Warnock released a video over the weekend featuring speeches by Walker showing voters reacting in disbelief to the Republican’s comments about vampires, werewolves and America’s ‘good air’ replacing the ‘bad air’ in China, among other topics.

“Not only does it make no sense, I don’t even understand what he thinks he’s saying,” a woman says in the video.

The announcement comes days after Georgia state officials were asked to investigate reports that despite competing to represent Georgia in the Senate, Walker is getting a tax break on his home in Texas which is n was only intended for a primary residence.

Georgia resident Ann Gregory Roberts filed a complaint to the Georgia Attorney General’s Office and the Georgia Bureau of Investigation arguing that Walker is ineligible to register to vote in Georgia because his primary residence is in Texas. And that by voting in Georgia, Walker broke the law.

CNN first reported last week that public records show Walker is on track to get a Texas homestead tax exemption this year, which would save him about $1,500 for a $3 million home in suburban Dallas listed as his primary residence.

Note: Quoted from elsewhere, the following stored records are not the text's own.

lemma sum_edge_weight_kept_le:
  assumes "1 \<le> \<alpha>" "degree E v \<le> degree E u"
  shows "sum (edge_weight \<alpha> E) kept \<le> sum (edge_weight \<alpha> shifted) kept"
proof -
  have fin: "finite kept" using finite_edges[OF simple] by (simp add: kept_def)
  have rest: "edge_weight \<alpha> E e \<le> edge_weight \<alpha> shifted e" if e: "e \<in> kept - common_edges" for e
  proof -
    have "e \<in> E" using e by (simp add: kept_def)
    then obtain a c where ac: "e = {a, c}" using simple_graph_edgeE[OF simple] by metis
    show ?thesis
      using \<open>e \<in> E\<close> assms(1) kept_edge_at_v_contains_u[OF e] unfolding ac
      by (intro edge_weight_le_shifted) auto
  qed
  have common: "edge_weight \<alpha> E {u, z} + edge_weight \<alpha> E {v, z}
      \<le> edge_weight \<alpha> shifted {u, z} + edge_weight \<alpha> shifted {v, z}"
    if "z \<in> neighbors E u \<inter> neighbors E v" for z
    using that assms by (simp add: edge_weight_common_neighbor_le)
  have "sum (edge_weight \<alpha> E) kept
      = sum (edge_weight \<alpha> E) (kept - common_edges) + sum (edge_weight \<alpha> E) common_edges"
    using common_edges_subset_kept fin by (simp add: sum.subset_diff)
  also have "\<dots> \<le> sum (edge_weight \<alpha> shifted) (kept - common_edges)
      + sum (edge_weight \<alpha> shifted) common_edges"
    unfolding sum_common_edges by (intro add_mono sum_mono rest common)
  also have "\<dots> = sum (edge_weight \<alpha> shifted) kept"
    using common_edges_subset_kept fin by (simp add: sum.subset_diff)
  finally show ?thesis .
qed

lemma platt_less_shifted:
  assumes "1 \<le> \<alpha>" "degree E v \<le> degree E u" "moved \<noteq> {}"
  shows "platt \<alpha> E < platt \<alpha> shifted"
proof -
  have fin: "finite E" using finite_edges[OF simple] .
  have "platt \<alpha> E = sum (edge_weight \<alpha> E) kept + (\<Sum>y\<in>moved. edge_weight \<alpha> E {v, y})"
    unfolding platt_eq_sum_edge_weight kept_def using sum.subset_diff[OF moved_edges_subset fin]
    by (simp add: sum.reindex inj_on_subset[OF inj_doubleton])
  moreover have "platt \<alpha> shifted
      = sum (edge_weight \<alpha> shifted) kept + (\<Sum>y\<in>moved. edge_weight \<alpha> shifted {u, y})"
    unfolding platt_eq_sum_edge_weight shifted_def
    using fin finite_moved kept_disjoint_new_edges
    by (simp add: kept_def sum.union_disjoint sum.reindex inj_on_subset[OF inj_doubleton])
  moreover have "(\<Sum>y\<in>moved. edge_weight \<alpha> E {v, y}) < (\<Sum>y\<in>moved. edge_weight \<alpha> shifted {u, y})"
    using assms by (intro sum_strict_mono finite_moved edge_weight_moved_less) auto
  ultimately show ?thesis using sum_edge_weight_kept_le[OF assms(1,2)] by linarith
qed

end

theorem corollary4:
  fixes \<alpha> :: real and V :: "'a set" and E :: "'a set set"
  assumes "\<alpha> \<ge> 1"
    and "connected_graph V E"
    and "\<And>V' E' :: 'a set set. connected_graph V' E' \<Longrightarrow> card V' = card V \<Longrightarrow>
           card E' = card E \<Longrightarrow> platt \<alpha> E' \<le> platt \<alpha> E"
  shows "max_degree V E = card V - 1"
proof (rule ccontr)
  have simple: "simple_graph V E" and "V \<noteq> {}"
    using assms(2) by (auto simp: connected_graph_def)
  then obtain u where u: "u \<in> V" "degree E u = max_degree V E"
    and max: "\<And>x. x \<in> V \<Longrightarrow> degree E x \<le> degree E u"
    by (rule max_degree_vertexE) blast
  assume "max_degree V E \<noteq> card V - 1"
  with max_degree_le_card_minus_one[OF simple \<open>V \<noteq> {}\<close>] u(2)
  have "degree E u < card V - 1" by simp
  then obtain v where v: "v \<in> neighbors E u" "neighbors E v - insert u (neighbors E u) \<noteq> {}"
    using exists_neighbor_with_distant_neighbor[OF assms(2) u(1)] by blast
  interpret neighbor_shift V E u v
    using simple v(1) by unfold_locales
  have "platt \<alpha> shifted \<le> platt \<alpha> E"
    using assms(3)[OF connected_graph_shifted[OF assms(2)] refl card_shifted] .
  moreover have "degree E v \<le> degree E u"
    using max v(1) neighbors_subset[OF simple] by blast
  then have "platt \<alpha> E < platt \<alpha> shifted"
    using assms(1) v(2) by (intro platt_less_shifted) (simp_all add: moved_def)
  ultimately show False by simp
qed

end
definition LY_chaotic :: "('a::metric_space \<Rightarrow> 'a) \<Rightarrow> 'a set \<Rightarrow> bool" where
  "LY_chaotic f C \<longleftrightarrow> (\<forall>x\<in>C. \<forall>y\<in>C. x \<noteq> y \<longrightarrow> LY_pair f x y)"

definition LY_delta_chaotic :: "('a::metric_space \<Rightarrow> 'a) \<Rightarrow> real \<Rightarrow> 'a set \<Rightarrow> bool" where
  "LY_delta_chaotic f \<delta> C \<longleftrightarrow> (\<forall>x\<in>C. \<forall>y\<in>C. x \<noteq> y \<longrightarrow> LY_delta_pair f \<delta> x y)"

text \<open>Q is a strictly increasing sequence of positive integers m_1 < m_2 < ...,
  represented as Q :: nat \<Rightarrow> nat with m_i = Q i for i \<ge> 1 (Q 0 is unused).\<close>

definition Phi_n :: "('a::metric_space \<Rightarrow> 'a) \<Rightarrow> (nat \<Rightarrow> nat) \<Rightarrow> 'a \<Rightarrow> 'a \<Rightarrow> real \<Rightarrow> nat \<Rightarrow> real" where
  "Phi_n f Q x y t n =
     real (card {i \<in> {1..n}. dist ((f ^^ Q i) x) ((f ^^ Q i) y) \<le> t}) / real n"

definition Phi_lower :: "('a::metric_space \<Rightarrow> 'a) \<Rightarrow> (nat \<Rightarrow> nat) \<Rightarrow> 'a \<Rightarrow> 'a \<Rightarrow> real \<Rightarrow> ereal" where
  "Phi_lower f Q x y t = liminf (\<lambda>n. ereal (Phi_n f Q x y t n))"

definition Phi_upper :: "('a::metric_space \<Rightarrow> 'a) \<Rightarrow> (nat \<Rightarrow> nat) \<Rightarrow> 'a \<Rightarrow> 'a \<Rightarrow> real \<Rightarrow> ereal" where
  "Phi_upper f Q x y t = limsup (\<lambda>n. ereal (Phi_n f Q x y t n))"
text \<open>Absorption \<open>(j+1) C(N, j+1) = (N-j) C(N, j)\<close> and \<open>choose_add_mult_le\<close> turn the reverse
  inequality into the two bounds of \<open>ratio_bounds_incompatible\<close>, with \<open>n = N + 2d + 3\<close>.\<close>
lemma choose_shift_lt:
  fixes N d j c R :: nat
  assumes "0 < c" "2 * Suc j * R \<le> c * (N + 2 * d + 3)" "4 * j + 4 * d + 2 * d * j + 7 \<le> N"
  shows "R * ((N + d) choose j) < c * (N choose Suc j)"
proof (rule ccontr)
  assume "\<not> ?thesis"
  then have le: "c * (N choose Suc j) \<le> R * ((N + d) choose j)"
    by simp
  define x y where "x = real (N choose j)" and "y = real ((N + d) choose j)"
  define n p s q where "n = real N + 2 * real d + 3" and "p = real j + 2 * real d + 3"
    and "s = real j + real d + 2" and "q = real j + real d + 2 + real d * real j"
  have "j \<le> N"
    using assms(3) by linarith
  then have "x > 0"
    by (simp add: x_def)
  have "c * (2 * ((N - j) * (N choose j))) = 2 * Suc j * (c * (N choose Suc j))"
    unfolding Suc_mult_choose_Suc[of j N, symmetric] by (simp only: mult_ac)
  also have "\<dots> \<le> 2 * Suc j * (R * ((N + d) choose j))"
    using le by (rule mult_le_mono2)
  also have "\<dots> = 2 * Suc j * R * ((N + d) choose j)"
    by (simp only: mult.assoc)
  also have "\<dots> \<le> c * (N + 2 * d + 3) * ((N + d) choose j)"
    using assms(2) by (rule mult_le_mono1)
  also have "\<dots> = c * ((N + 2 * d + 3) * ((N + d) choose j))"
    by (simp only: mult.assoc)
  finally have "2 * ((N - j) * (N choose j)) \<le> (N + 2 * d + 3) * ((N + d) choose j)"
    using assms(1) by simp
  then have "real (2 * ((N - j) * (N choose j))) \<le> real ((N + 2 * d + 3) * ((N + d) choose j))"
    by (rule of_nat_mono)
  moreover have "real (N - j) = n - p" "real (N + 2 * d + 3) = n"
    unfolding n_def p_def using \<open>j \<le> N\<close> by (simp_all add: of_nat_diff)
  ultimately have i1: "2 * (n - p) * x \<le> n * y"
    unfolding x_def y_def by (simp only: of_nat_mult of_nat_numeral mult.assoc)
  have "((N + d) choose j) * (N + d + 1 - j) \<le> (N choose j) * (N + d + 1 - j) + d * j * ((N + d) choose j)"
    by (rule choose_add_mult_le)
  then have "real (((N + d) choose j) * (N + d + 1 - j))
      \<le> real ((N choose j) * (N + d + 1 - j) + d * j * ((N + d) choose j))"
    by (rule of_nat_mono)
  moreover have "real (N + d + 1 - j) = n - s"
    unfolding n_def s_def using \<open>j \<le> N\<close> by (simp add: of_nat_diff)
  ultimately have "y * (n - s) \<le> x * (n - s) + real d * real j * y"
    unfolding x_def y_def by (simp only: of_nat_mult of_nat_add)
  then have i2: "y * (n - q) \<le> x * (n - s)"
    unfolding q_def s_def by (simp add: algebra_simps)
  have "real (4 * j + 4 * d + 2 * d * j + 7) \<le> real N"
    using assms(3) by (rule of_nat_mono)
  then have "2 * p + 2 * q \<le> n"
    unfolding n_def p_def q_def by simp
  moreover have "p \<ge> 0" "q \<ge> 0" "s > 0" "n > 0"
    unfolding n_def p_def q_def s_def by simp_all
  ultimately show False
    by (rule ratio_bounds_incompatible[OF \<open>x > 0\<close> i1 i2])
qed

lemma threshold_coefficient_le:
  fixes r k :: nat
  assumes "r \<ge> 3" "2 \<le> k" "k < r"
  shows "((2 * k - 1) choose k) * (4 * (r - k - 1) + 4 * (k - 2) + 2 * (k - 2) * (r - k - 1) + 2 * k + 6)
    \<le> 2 * (r - k) * r ^ (k + 1)"
proof (cases "r = 3")
  case True
  then have "k = 2"
    using assms by simp
  with True show ?thesis
    by (simp add: numeral_eq_Suc)
next
  case False
  define a where "a = r - k"
  have "(2 * k - 1) choose k \<le> 4 ^ (k - 1)"
    using assms(2) by (intro choose_odd_le_four_power) simp
  also have "\<dots> \<le> r ^ (k - 1)"
    using False assms(1) by (intro power_mono) simp_all
  finally have c_le: "(2 * k - 1) choose k \<le> r ^ (k - 1)" .
  have "(k - 2) * (a - 1) \<le> r * a"
    using assms(3) by (intro mult_le_mono) simp_all
  moreover have "r \<le> r * a" "4 * (r * a) \<le> r * (r * a)"
    using assms(3) False assms(1) unfolding a_def by simp_all
  moreover have "4 * a + 6 * k \<le> 6 * r"
    using assms(3) unfolding a_def by simp
  ultimately have "4 * (a - 1) + 4 * (k - 2) + 2 * ((k - 2) * (a - 1)) + 2 * k + 6 \<le> 2 * (r * (r * a))"
    using assms(2) by linarith
  moreover have "r - k - 1 = a - 1"
    unfolding a_def by simp
  ultimately have "4 * (r - k - 1) + 4 * (k - 2) + 2 * (k - 2) * (r - k - 1) + 2 * k + 6 \<le> 2 * a * r ^ 2"
    by (simp only: power2_eq_square mult_ac)
  then have "((2 * k - 1) choose k) * (4 * (r - k - 1) + 4 * (k - 2) + 2 * (k - 2) * (r - k - 1) + 2 * k + 6)
      \<le> r ^ (k - 1) * (2 * a * r ^ 2)"
    using c_le by (rule mult_le_mono[rotated])
  also have "\<dots> = 2 * (r - k) * r ^ (k + 1)"
    using assms(2) unfolding a_def by (simp flip: power_add)
  finally show ?thesis .
qed

lemma threshold_implies_large:
  fixes r k n :: nat
  assumes "r \<ge> 3" "2 \<le> k" "k < r"
    and "real n \<ge> 2 * real (r - k) * real r ^ (k + 1) / real ((2 * k - 1) choose k)"
  shows "2 * (r - k) * r ^ (k + 1) \<le> ((2 * k - 1) choose k) * n"
    and "4 * (r - k - 1) + 4 * (k - 2) + 2 * (k - 2) * (r - k - 1) + 2 * k + 6 \<le> n"
proof -
  have "0 < (2 * k - 1) choose k"
    by simp
  then have "real (2 * (r - k) * r ^ (k + 1)) \<le> real (((2 * k - 1) choose k) * n)"
    using assms(4) by (simp add: pos_divide_le_eq mult.commute)
  then show le: "2 * (r - k) * r ^ (k + 1) \<le> ((2 * k - 1) choose k) * n"
    by (simp only: of_nat_le_iff)
  show "4 * (r - k - 1) + 4 * (k - 2) + 2 * (k - 2) * (r - k - 1) + 2 * k + 6 \<le> n"
    using order_trans[OF threshold_coefficient_le[OF assms(1-3)] le] \<open>0 < _\<close>
    by (simp only: mult_le_cancel1)
qed

lemma branching_bound_lt_majority_bound:
  fixes r k n :: nat
  assumes "r \<ge> 3" "2 \<le> k" "k < r"
    and "real n \<ge> 2 * real (r - k) * real r ^ (k + 1) / real ((2 * k - 1) choose k)"
  shows "r ^ (k + 1) * ((n - (k + 1)) choose (r - (k + 1)))
    < ((2 * k - 1) choose k) * ((n - (2 * k - 1)) choose (r - k))"
proof -
  define N d j where "N = n - (2 * k - 1)" and "d = k - 2" and "j = r - k - 1"
  note large = threshold_implies_large[OF assms]
  have n: "n = N + 2 * d + 3" "n - (k + 1) = N + d"
    using large(2) assms(2) unfolding N_def d_def by linarith+
  have r: "r - (k + 1) = j" "r - k = Suc j"
    using assms(3) unfolding j_def by linarith+
  have "2 * Suc j * r ^ (k + 1) \<le> ((2 * k - 1) choose k) * (N + 2 * d + 3)"
    using large(1) unfolding n(1)[symmetric] r(2)[symmetric] .
  moreover have "4 * j + 4 * d + 2 * d * j + 7 \<le> N"
    using large(2) assms(2,3) unfolding N_def d_def j_def by linarith
  ultimately show ?thesis
    unfolding n(2) r N_def[symmetric] by (intro choose_shift_lt) simp_all
qed

lemma exists_large_majority_family:
  assumes "r \<ge> 3" "2 \<le> k" "k < r" "finite V" "card V = n"
    and "real n \<ge> 2 * real (r - k) * real r ^ (k + 1) / real ((2 * k - 1) choose k)"
  obtains G where "uniform_hg r V G" "intersecting G" "k \<le> min_pos_codeg r G"
    "((2 * k - 1) choose k) * ((n - (2 * k - 1)) choose (r - k)) \<le> card G"
proof -
  note large = threshold_implies_large[OF assms(1-3,6)]
  have "2 * k - 1 \<le> card V"
    using large(2) assms(5) by linarith
  then obtain A where A: "A \<subseteq> V" "card A = 2 * k - 1"
    by (rule obtain_subset_with_card_n)
  let ?G = "majority_family r V A k"
  have card_G: "((2 * k - 1) choose k) * ((n - (2 * k - 1)) choose (r - k)) \<le> card ?G"
    using card_majority_family_ge[OF assms(4,5) A(1), of k r] A(2) assms(3) by simp
  moreover have "k \<le> 2 * k - 1" "r - k \<le> n - (2 * k - 1)"
    using large(2) assms(2,3) by linarith+
  then have "0 < ((2 * k - 1) choose k) * ((n - (2 * k - 1)) choose (r - k))"
    by simp
  ultimately have "?G \<noteq> {}"
    by auto
  then have "k \<le> min_pos_codeg r ?G"
    using large(2) assms(2,3) A by (intro min_pos_codeg_majority_family_ge[OF assms(4,5)]) auto
  moreover have "intersecting ?G"
    using finite_subset[OF A(1) assms(4)] A(2) assms(2) by (intro majority_family_intersecting) simp_all
  ultimately show ?thesis
    using that majority_family_uniform card_G by blast
qed
(* Let $n\in\mathbb N$ with $n\ge 10$ and let $T_n$ be a tree on $n$ vertices with $\Delta(T_n)=n-4$. Suppose that for every integer $m\ge n$ and every connected graph $H\in\mathrm{Ex}(m;T_n)$ we have $\Delta(H)\le n-4$. Let $p=k(n-1)+r\ge n-1$ with $k\in\mathbb N$ and $r\in\{0,1,\ldots,n-2\}$. Then $$\frac{(n-2)p-r(n-1-r)}2\le\mathrm{ex}(p;T_n)\le\frac{(n-2)p}2-\min\Big\{n-1+r,\ \frac{r(n-1-r)}2\Big\}.$$ Consequently, for $r\in\{0,1,2,n-5,n-4,n-3,n-2\}$ we have $\mathrm{ex}(p;T_n)=\frac{(n-2)p-r(n-1-r)}2$.
   Context: All graphs are finite simple graphs; $\Delta(G)$ is the maximum degree of $G$. For a graph $L$, $\mathrm{ex}(p;L)$ is the maximum number of edges in a graph on $p$ vertices containing no subgraph isomorphic to $L$, and $\mathrm{Ex}(p;L)$ is the set of graphs on $p$ vertices containing no copy of $L$ and having exactly $\mathrm{ex}(p;L)$ edges. *)

theory Defs
  imports Complex_Main
begin

definition simple_graph :: "'a set \<Rightarrow> 'a set set \<Rightarrow> bool" where
  "simple_graph V E \<longleftrightarrow> finite V \<and>
     (\<forall>e\<in>E. \<exists>x y. x \<in> V \<and> y \<in> V \<and> x \<noteq> y \<and> e = {x, y})"

definition degree :: "'a set \<Rightarrow> 'a set set \<Rightarrow> 'a \<Rightarrow> nat" where
  "degree V E v = card {u \<in> V. {u, v} \<in> E}"

definition max_degree :: "'a set \<Rightarrow> 'a set set \<Rightarrow> nat" where
  "max_degree V E = Max (degree V E ` V)"

definition connected_graph :: "'a set \<Rightarrow> 'a set set \<Rightarrow> bool" where
  "connected_graph V E \<longleftrightarrow> V \<noteq> {} \<and>
     (\<forall>u\<in>V. \<forall>v\<in>V. (\<lambda>x y. {x, y} \<in> E)\<^sup>*\<^sup>* u v)"

definition is_tree :: "'a set \<Rightarrow> 'a set set \<Rightarrow> bool" where
  "is_tree V E \<longleftrightarrow> simple_graph V E \<and> connected_graph V E \<and> card E = card V - 1"
context
  fixes al p :: nat and c :: real
  assumes al: "1 \<le> al" and p1: "1 \<le> p" and p_le: "p \<le> al ^ 2"
    and c1: "1 \<le> c" and c_le: "c \<le> real p * gam al / real al"
begin

lemma ncr_Suc_lower:
  "gam al ^ 3 / (gam al - lam al)^2 * (gam al ^ n)^2 - 1 < real (ncr al c (Suc n))"
proof -
  have "gam al ^ 3 / (gam al - lam al)^2 * (gam al ^ n)^2
      \<le> c / (gam al - lam al)^2 * gam al ^ (2 * Suc n + 1)"
    using c1 gam_gt_1[OF al]
    by (simp add: power_add power_mult_distrib[symmetric] power_mult[symmetric] divide_right_mono
        mult_right_mono mult.commute[of 2] numeral_3_eq_3)
  then show ?thesis using ncr_bounds(1)[OF al, of c "Suc n"] c1 by linarith
qed

lemma al_ncr_Suc_upper:
  "real al * real (ncr al c (Suc n)) \<le> real p * gam al ^ 4 / (gam al - lam al)^2 * (gam al ^ n)^2"
proof -
  have "real al * c \<le> real p * gam al" using c_le al by (simp add: field_simps)
  have "real al * real (ncr al c (Suc n))
      \<le> real al * (c / (gam al - lam al)^2 * gam al ^ (2 * Suc n + 1))"
    using ncr_bounds(2)[OF al, of c "Suc n"] c1 by (intro mult_left_mono) simp_all
  also have "\<dots> \<le> real p * gam al / (gam al - lam al)^2 * gam al ^ (2 * Suc n + 1)"
    using \<open>real al * c \<le> _\<close> gam_gt_1[OF al]
    by (simp add: divide_right_mono mult_right_mono mult.assoc[symmetric])
  also have "\<dots> = real p * gam al ^ 4 / (gam al - lam al)^2 * (gam al ^ n)^2"
    by (simp add: power_add power_mult[symmetric] mult.commute[of 2] numeral_eq_Suc field_simps)
  finally show ?thesis .
qed

lemma eventually_ncr_Suc_ge:
  "\<forall>\<^sub>F n in sequentially. n + 1 \<le> ncr al c (Suc n)"
proof -
  have "0 < gam al ^ 3 / (gam al - lam al)^2"
    using gam_gt_1[OF al] gam_minus_lam_gt_2[OF al] by simp
  from eventually_less_quadratic[OF filterlim_gam_pow[OF al] this, of "gam al ^ 2" 1]
  show ?thesis
  proof eventually_elim
    case (elim n)
    have "n + 1 \<le> gfib al (n + 2)" using gfib_Suc_ge[OF al, of "n + 1"] by simp
    then have "real (n + 1) \<le> real (gfib al (n + 2))" by (simp only: of_nat_le_iff)
    also have "\<dots> \<le> gam al ^ (n + 2)" by (rule gfib_le_gam_pow[OF al])
    also have "\<dots> = gam al ^ 2 * gam al ^ n" by (simp add: power_add power2_eq_square)
    finally have "real (n + 1) \<le> gam al ^ 2 * gam al ^ n" .
    then show ?case using elim ncr_Suc_lower[of n] by simp
  qed
qed

lemma eventually_ncr_Suc_ge_gfib_prod:
  "\<forall>\<^sub>F n in sequentially. gfib al n * gfib al (Suc n) \<le> ncr al c (Suc n)"
proof -
  define g d where "g = gam al" and "d = gam al - lam al"
  have g: "1 < g" and d: "0 < d" using gam_gt_1[OF al] gam_minus_lam_gt_2[OF al] by (simp_all add: g_def d_def)
  have "g * 1 < g * g^2" using g by (intro mult_strict_left_mono) (simp_all add: one_less_power)
  then have "0 < (g^3 - g) / d^2" using d by (simp add: power3_eq_cube power2_eq_square)
  from eventually_less_quadratic[OF filterlim_gam_pow[OF al] this, of "(1 + g) / d" 2]
  show ?thesis
  proof eventually_elim
    case (elim n)
    have "real (gfib al (n + 0)) * real (gfib al (n + 1)) \<le> g / d^2 * (g ^ n)^2 + (1 + g) / d * g ^ n + 1"
      using gfib_prod_shift_approx[OF al, of n 0 1] by (simp add: g_def d_def abs_le_iff algebra_simps)
    also have "\<dots> < g ^ 3 / d^2 * (g ^ n)^2 - 1"
      using elim by (simp add: g_def algebra_simps diff_divide_distrib)
    also have "\<dots> < real (ncr al c (Suc n))" using ncr_Suc_lower[of n] by (simp add: g_def d_def)
    finally have "real (gfib al n * gfib al (Suc n)) < real (ncr al c (Suc n))" by simp
    then show ?case by (simp only: of_nat_less_iff less_imp_le)
  qed
qed
(*
  Both queues are driven by the same arrivals and potential services, and the reflected
  queue started at q equals max (q + X t) (X t - min X) for the free process X started at 0.
  Hence the two queues agree at time t as soon as q + X t <= 0, i.e. as soon as the
  potential services in [0, t] outnumber the initial content plus the arrivals. The initial
  content is geometric and the two counts are independent Poisson variables, so a Chernoff
  bound with the weight (mu / lambda) ^ (1 / 2) per unit of netput bounds the failure
  probability of one server by 2 exp (- t (sqrt mu - sqrt lambda)^2). The bound on alpha
  makes t (sqrt mu - sqrt lambda)^2 >= ln^beta (2 J m) >= beta ln (2 J m), and a union
  bound over the J servers finishes the proof.
*)

section \<open>Measurability of the queue length\<close>

lemma Inf_int_eq_iff:
  fixes S :: "int set"
  shows "Inf S = k \<longleftrightarrow> (k \<in> S \<and> (\<forall>v\<in>S. k \<le> v)) \<or> ((\<forall>m\<in>S. \<exists>v\<in>S. v < m) \<and> Inf {} = k)"
proof (cases "\<exists>m\<in>S. \<forall>v\<in>S. m \<le> v")
  case True
  then obtain m where "m \<in> S" "\<forall>v\<in>S. m \<le> v" by blast
  moreover from this have "Inf S = m" by (intro cInf_eq_minimum) auto
  ultimately show ?thesis by force
next
  case False
  then have "(\<lambda>x. x \<in> uminus ` S \<and> (\<forall>y\<in>uminus ` S. y \<le> x)) = (\<lambda>x. False)"
    by (force simp: minus_le_iff)
  then have "Inf S = Inf {}"
    unfolding Inf_int_def Sup_int_def by simp
  moreover have "\<forall>m\<in>S. \<exists>v\<in>S. v < m"
    using False by (auto simp: not_le)
  ultimately show ?thesis using False by auto
qed

lemma measurable_Inf_int:
  fixes S :: "'w \<Rightarrow> int set"
  assumes [measurable]: "\<And>k. {w \<in> space M. k \<in> S w} \<in> sets M"
  shows "(\<lambda>w. Inf (S w)) \<in> measurable M (count_space UNIV)"
  unfolding measurable_count_space_eq2_countable
proof safe
  fix k :: int
  have "(\<lambda>w. Inf (S w)) -` {k} \<inter> space M = {w \<in> space M. Inf (S w) = k}"
    by auto
  also have "\<dots> =
      {w \<in> space M. (k \<in> S w \<and> (\<forall>v. v \<in> S w \<longrightarrow> k \<le> v))
                  \<or> ((\<forall>m. m \<in> S w \<longrightarrow> (\<exists>v. v \<in> S w \<and> v < m)) \<and> Inf {} = k)}"
    by (simp only: Inf_int_eq_iff[where S="S _"] Ball_def Bex_def)
  also have "\<dots> \<in> sets M"
    by measurable
  finally show "(\<lambda>w. Inf (S w)) -` {k} \<inter> space M \<in> sets M" .
qed simp

lemma eventually_sequentially_iff_finite:
  "eventually P sequentially \<longleftrightarrow> finite {n. \<not> P n}"
  using eventually_cofinite[of P] by (simp add: cofinite_eq_sequentially)

lemma liminf_eq_if_finite_below_infinite_above:
  fixes S :: "nat \<Rightarrow> real"
  assumes fin: "finite {n. S n \<le> s}" and inf: "\<And>s'. s < s' \<Longrightarrow> infinite {n. S n \<le> s'}"
  shows "liminf (\<lambda>n. ereal (S n)) = ereal s"
proof (rule antisym)
  have ev: "eventually (\<lambda>n. s < S n) sequentially"
    unfolding eventually_sequentially_iff_finite by (simp add: not_less fin)
  show "ereal s \<le> liminf (\<lambda>n. ereal (S n))"
    unfolding le_Liminf_iff
  proof (intro allI impI)
    fix y assume "y < ereal s"
    show "eventually (\<lambda>n. y < ereal (S n)) sequentially"
      using ev by (rule eventually_mono) (simp add: order.strict_trans[OF \<open>y < ereal s\<close>])
  qed
  show "liminf (\<lambda>n. ereal (S n)) \<le> ereal s"
  proof (rule ccontr)
    assume "\<not> liminf (\<lambda>n. ereal (S n)) \<le> ereal s"
    then obtain s' where s': "ereal s < ereal s'" "ereal s' < liminf (\<lambda>n. ereal (S n))"
      using ereal_dense2[of "ereal s"] by (auto simp: not_le)
    then have "eventually (\<lambda>n. ereal s' < ereal (S n)) sequentially"
      using le_Liminf_iff[THEN iffD1, OF order_refl, rule_format, OF s'(2)] by simp
    then have "finite {n. S n \<le> s'}"
      unfolding eventually_sequentially_iff_finite by (simp add: not_less)
    with inf s'(1) show False by simp
  qed
qed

Walker took advantage of the tax break for his home in Texas in 2021 and 2022 even after he launched his candidacy for the Senate in Georgia, an official with the Tarrant County Tax Assessor’s Office told CNN.

Walker, who once played professional football for the Dallas Cowboys, lived in Texas for decades before registering to vote in Georgia in August 2021. He is well known in Georgia due to a long football career. completed at the University of Georgia.

In a statement, Amanda Sherman-Baity, spokesperson for the Democratic Senate Campaign Committee, said: “Every day, Herschel Walker’s pattern of dishonesty and troubling conduct grows longer – and it is further proof that he doesn’t have to represent Georgians in the Senate. Georgia authorities are expected to respond quickly to the call to investigate Walker’s latest scandal, and Walker himself owes voters an explanation.

Wagner reported from Washington. Eugene Scott and Azi Paybarah in Washington contributed to this report.